_What is needed_
Pick out the lines below that include the string "forall".

##### Excerpted records

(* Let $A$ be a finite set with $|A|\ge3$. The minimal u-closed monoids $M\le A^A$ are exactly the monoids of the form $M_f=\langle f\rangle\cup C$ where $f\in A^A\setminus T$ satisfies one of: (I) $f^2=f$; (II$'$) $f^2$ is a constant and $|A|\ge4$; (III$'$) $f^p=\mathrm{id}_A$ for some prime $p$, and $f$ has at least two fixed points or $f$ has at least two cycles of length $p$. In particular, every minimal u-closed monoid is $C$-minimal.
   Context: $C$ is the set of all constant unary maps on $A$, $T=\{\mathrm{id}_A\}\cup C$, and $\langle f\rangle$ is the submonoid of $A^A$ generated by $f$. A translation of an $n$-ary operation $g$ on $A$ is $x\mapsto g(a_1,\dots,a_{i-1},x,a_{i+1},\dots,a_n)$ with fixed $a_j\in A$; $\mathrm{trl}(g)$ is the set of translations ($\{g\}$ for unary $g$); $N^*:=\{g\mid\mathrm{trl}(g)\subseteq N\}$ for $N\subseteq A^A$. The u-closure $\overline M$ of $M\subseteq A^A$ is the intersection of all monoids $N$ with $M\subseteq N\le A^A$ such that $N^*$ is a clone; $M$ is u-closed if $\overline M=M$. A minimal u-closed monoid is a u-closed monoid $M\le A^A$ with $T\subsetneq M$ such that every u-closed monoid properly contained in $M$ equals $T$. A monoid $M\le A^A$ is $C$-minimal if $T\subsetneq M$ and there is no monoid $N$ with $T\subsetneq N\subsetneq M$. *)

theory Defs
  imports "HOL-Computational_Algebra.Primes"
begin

##########
##### Excerpted records

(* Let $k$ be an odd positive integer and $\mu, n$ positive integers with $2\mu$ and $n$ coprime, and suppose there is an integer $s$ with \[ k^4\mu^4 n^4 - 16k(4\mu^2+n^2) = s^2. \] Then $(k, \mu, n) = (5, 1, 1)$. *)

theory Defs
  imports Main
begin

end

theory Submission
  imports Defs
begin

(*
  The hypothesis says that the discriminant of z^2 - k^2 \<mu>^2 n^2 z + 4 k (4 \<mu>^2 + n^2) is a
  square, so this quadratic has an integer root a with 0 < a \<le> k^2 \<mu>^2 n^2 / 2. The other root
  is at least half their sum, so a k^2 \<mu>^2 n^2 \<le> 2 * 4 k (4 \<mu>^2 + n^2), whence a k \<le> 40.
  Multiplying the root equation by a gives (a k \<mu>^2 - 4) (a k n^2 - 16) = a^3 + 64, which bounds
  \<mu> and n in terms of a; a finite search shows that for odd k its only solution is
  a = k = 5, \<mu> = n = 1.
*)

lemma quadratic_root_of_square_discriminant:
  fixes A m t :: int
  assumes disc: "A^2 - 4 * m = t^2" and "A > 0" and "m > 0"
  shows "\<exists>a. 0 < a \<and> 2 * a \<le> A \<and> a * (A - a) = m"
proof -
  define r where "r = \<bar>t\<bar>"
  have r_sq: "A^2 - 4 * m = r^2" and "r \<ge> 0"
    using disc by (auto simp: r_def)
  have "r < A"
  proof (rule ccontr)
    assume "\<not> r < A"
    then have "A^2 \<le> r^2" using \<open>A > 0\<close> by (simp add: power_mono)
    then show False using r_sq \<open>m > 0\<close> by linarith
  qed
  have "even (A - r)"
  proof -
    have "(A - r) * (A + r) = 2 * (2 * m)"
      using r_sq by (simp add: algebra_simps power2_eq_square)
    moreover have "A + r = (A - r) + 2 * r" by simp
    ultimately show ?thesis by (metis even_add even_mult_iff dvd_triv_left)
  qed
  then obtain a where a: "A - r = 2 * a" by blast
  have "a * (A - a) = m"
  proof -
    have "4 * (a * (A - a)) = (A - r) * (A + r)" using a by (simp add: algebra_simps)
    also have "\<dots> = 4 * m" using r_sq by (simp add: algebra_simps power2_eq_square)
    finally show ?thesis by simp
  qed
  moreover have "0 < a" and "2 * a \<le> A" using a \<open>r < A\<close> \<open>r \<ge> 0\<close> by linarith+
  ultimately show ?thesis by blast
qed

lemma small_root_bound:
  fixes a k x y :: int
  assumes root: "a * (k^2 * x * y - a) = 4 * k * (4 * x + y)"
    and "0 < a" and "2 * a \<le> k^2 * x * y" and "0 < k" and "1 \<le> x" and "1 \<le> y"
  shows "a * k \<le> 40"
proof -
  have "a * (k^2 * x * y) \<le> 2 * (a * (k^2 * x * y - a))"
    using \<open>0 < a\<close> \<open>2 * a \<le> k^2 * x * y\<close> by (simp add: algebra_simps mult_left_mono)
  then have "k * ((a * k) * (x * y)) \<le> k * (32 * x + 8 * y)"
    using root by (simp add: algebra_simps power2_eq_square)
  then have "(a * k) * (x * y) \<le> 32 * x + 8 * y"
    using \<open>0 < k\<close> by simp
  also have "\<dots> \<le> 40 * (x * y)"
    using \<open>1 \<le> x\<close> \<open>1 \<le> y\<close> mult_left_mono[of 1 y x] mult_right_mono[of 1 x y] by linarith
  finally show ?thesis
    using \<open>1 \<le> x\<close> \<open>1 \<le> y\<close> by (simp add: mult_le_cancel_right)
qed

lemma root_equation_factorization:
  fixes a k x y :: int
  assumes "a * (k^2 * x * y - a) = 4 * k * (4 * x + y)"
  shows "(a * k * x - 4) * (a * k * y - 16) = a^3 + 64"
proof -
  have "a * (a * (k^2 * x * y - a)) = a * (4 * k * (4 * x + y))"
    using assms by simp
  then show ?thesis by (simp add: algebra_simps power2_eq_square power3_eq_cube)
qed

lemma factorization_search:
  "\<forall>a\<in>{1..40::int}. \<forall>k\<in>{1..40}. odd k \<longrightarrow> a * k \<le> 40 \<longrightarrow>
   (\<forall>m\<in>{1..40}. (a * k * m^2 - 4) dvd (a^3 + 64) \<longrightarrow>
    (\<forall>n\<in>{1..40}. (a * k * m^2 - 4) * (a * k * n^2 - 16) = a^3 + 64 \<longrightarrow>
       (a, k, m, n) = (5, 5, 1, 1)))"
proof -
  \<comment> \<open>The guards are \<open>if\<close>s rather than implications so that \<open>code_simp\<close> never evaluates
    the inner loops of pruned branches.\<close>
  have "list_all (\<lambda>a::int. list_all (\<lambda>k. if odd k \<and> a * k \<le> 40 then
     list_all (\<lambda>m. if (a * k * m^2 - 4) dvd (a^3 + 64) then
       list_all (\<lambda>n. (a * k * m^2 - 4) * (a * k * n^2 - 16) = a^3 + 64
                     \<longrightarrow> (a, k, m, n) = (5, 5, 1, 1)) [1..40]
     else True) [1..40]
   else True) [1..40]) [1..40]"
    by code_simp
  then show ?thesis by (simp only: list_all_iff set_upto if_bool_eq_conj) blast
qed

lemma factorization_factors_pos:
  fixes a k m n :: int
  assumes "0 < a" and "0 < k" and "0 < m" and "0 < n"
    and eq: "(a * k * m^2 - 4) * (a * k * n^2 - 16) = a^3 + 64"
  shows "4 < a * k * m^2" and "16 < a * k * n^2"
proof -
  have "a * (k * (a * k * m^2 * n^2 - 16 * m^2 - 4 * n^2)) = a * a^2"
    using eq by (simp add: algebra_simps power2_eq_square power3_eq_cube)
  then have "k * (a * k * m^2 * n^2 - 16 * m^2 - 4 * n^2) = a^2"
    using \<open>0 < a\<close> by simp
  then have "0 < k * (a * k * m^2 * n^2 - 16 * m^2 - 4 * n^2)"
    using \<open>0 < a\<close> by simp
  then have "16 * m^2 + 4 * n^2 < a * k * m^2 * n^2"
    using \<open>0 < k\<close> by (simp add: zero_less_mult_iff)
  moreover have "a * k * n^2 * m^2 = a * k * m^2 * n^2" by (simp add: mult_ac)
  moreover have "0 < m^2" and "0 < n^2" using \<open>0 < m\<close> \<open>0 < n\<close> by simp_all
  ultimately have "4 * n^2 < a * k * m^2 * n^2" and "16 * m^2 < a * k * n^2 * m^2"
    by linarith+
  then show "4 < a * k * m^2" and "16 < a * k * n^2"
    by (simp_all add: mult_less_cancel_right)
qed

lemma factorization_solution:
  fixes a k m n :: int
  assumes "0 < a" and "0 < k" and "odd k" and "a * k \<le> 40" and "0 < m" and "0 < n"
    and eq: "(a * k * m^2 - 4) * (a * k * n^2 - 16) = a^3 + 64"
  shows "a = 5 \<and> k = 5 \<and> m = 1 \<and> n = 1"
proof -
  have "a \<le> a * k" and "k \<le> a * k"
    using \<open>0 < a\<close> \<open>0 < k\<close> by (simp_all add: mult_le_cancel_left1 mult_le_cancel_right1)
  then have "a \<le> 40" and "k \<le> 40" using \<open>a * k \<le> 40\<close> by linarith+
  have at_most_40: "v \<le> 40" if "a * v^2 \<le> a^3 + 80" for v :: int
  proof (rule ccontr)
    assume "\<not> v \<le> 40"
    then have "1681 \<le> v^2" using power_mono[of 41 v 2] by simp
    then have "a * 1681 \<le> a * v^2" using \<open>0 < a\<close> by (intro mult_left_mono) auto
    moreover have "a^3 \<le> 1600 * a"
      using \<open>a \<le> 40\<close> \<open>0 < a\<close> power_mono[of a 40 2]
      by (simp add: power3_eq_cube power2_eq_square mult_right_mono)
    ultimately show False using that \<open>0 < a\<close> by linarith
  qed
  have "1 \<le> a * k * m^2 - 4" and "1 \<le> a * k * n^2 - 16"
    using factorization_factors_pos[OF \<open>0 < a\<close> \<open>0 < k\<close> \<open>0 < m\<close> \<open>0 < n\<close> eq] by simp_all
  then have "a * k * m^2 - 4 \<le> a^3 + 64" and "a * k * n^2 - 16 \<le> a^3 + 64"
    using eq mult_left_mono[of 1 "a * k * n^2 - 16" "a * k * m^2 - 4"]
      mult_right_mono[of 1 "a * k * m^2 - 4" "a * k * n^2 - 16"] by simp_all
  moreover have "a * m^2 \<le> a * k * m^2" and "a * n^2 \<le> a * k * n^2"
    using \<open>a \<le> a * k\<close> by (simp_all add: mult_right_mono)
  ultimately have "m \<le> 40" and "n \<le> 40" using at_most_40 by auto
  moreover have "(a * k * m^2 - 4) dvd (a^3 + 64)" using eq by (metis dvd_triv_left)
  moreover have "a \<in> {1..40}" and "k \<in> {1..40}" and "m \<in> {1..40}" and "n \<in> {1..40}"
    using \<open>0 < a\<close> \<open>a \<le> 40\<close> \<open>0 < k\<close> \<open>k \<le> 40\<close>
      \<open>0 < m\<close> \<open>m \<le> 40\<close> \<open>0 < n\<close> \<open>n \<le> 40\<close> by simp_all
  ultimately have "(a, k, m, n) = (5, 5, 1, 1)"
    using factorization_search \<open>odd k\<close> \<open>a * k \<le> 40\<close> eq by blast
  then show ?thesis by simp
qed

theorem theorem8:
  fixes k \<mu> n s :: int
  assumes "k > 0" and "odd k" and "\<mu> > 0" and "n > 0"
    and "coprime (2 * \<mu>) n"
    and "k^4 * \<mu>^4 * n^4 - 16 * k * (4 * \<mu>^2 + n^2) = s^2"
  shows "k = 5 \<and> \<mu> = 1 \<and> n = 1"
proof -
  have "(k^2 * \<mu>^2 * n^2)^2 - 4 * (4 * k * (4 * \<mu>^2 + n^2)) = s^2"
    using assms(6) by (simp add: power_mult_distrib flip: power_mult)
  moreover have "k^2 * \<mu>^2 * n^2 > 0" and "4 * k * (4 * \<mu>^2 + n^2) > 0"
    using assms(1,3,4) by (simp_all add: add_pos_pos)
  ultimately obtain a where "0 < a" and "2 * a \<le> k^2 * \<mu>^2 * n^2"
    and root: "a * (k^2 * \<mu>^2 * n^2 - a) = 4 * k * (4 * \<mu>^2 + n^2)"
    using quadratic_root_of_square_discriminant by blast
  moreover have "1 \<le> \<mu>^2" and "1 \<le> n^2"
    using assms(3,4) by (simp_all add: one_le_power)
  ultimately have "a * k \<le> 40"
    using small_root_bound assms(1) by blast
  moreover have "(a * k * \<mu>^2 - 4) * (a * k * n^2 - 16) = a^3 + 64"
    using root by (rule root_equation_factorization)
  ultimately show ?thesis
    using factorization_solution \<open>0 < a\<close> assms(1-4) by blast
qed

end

##########

_Exercise result_
  "\<forall>a\<in>{1..40::int}. \<forall>k\<in>{1..40}. odd k \<longrightarrow> a * k \<le> 40 \<longrightarrow>
   (\<forall>m\<in>{1..40}. (a * k * m^2 - 4) dvd (a^3 + 64) \<longrightarrow>
    (\<forall>n\<in>{1..40}. (a * k * m^2 - 4) * (a * k * n^2 - 16) = a^3 + 64 \<longrightarrow>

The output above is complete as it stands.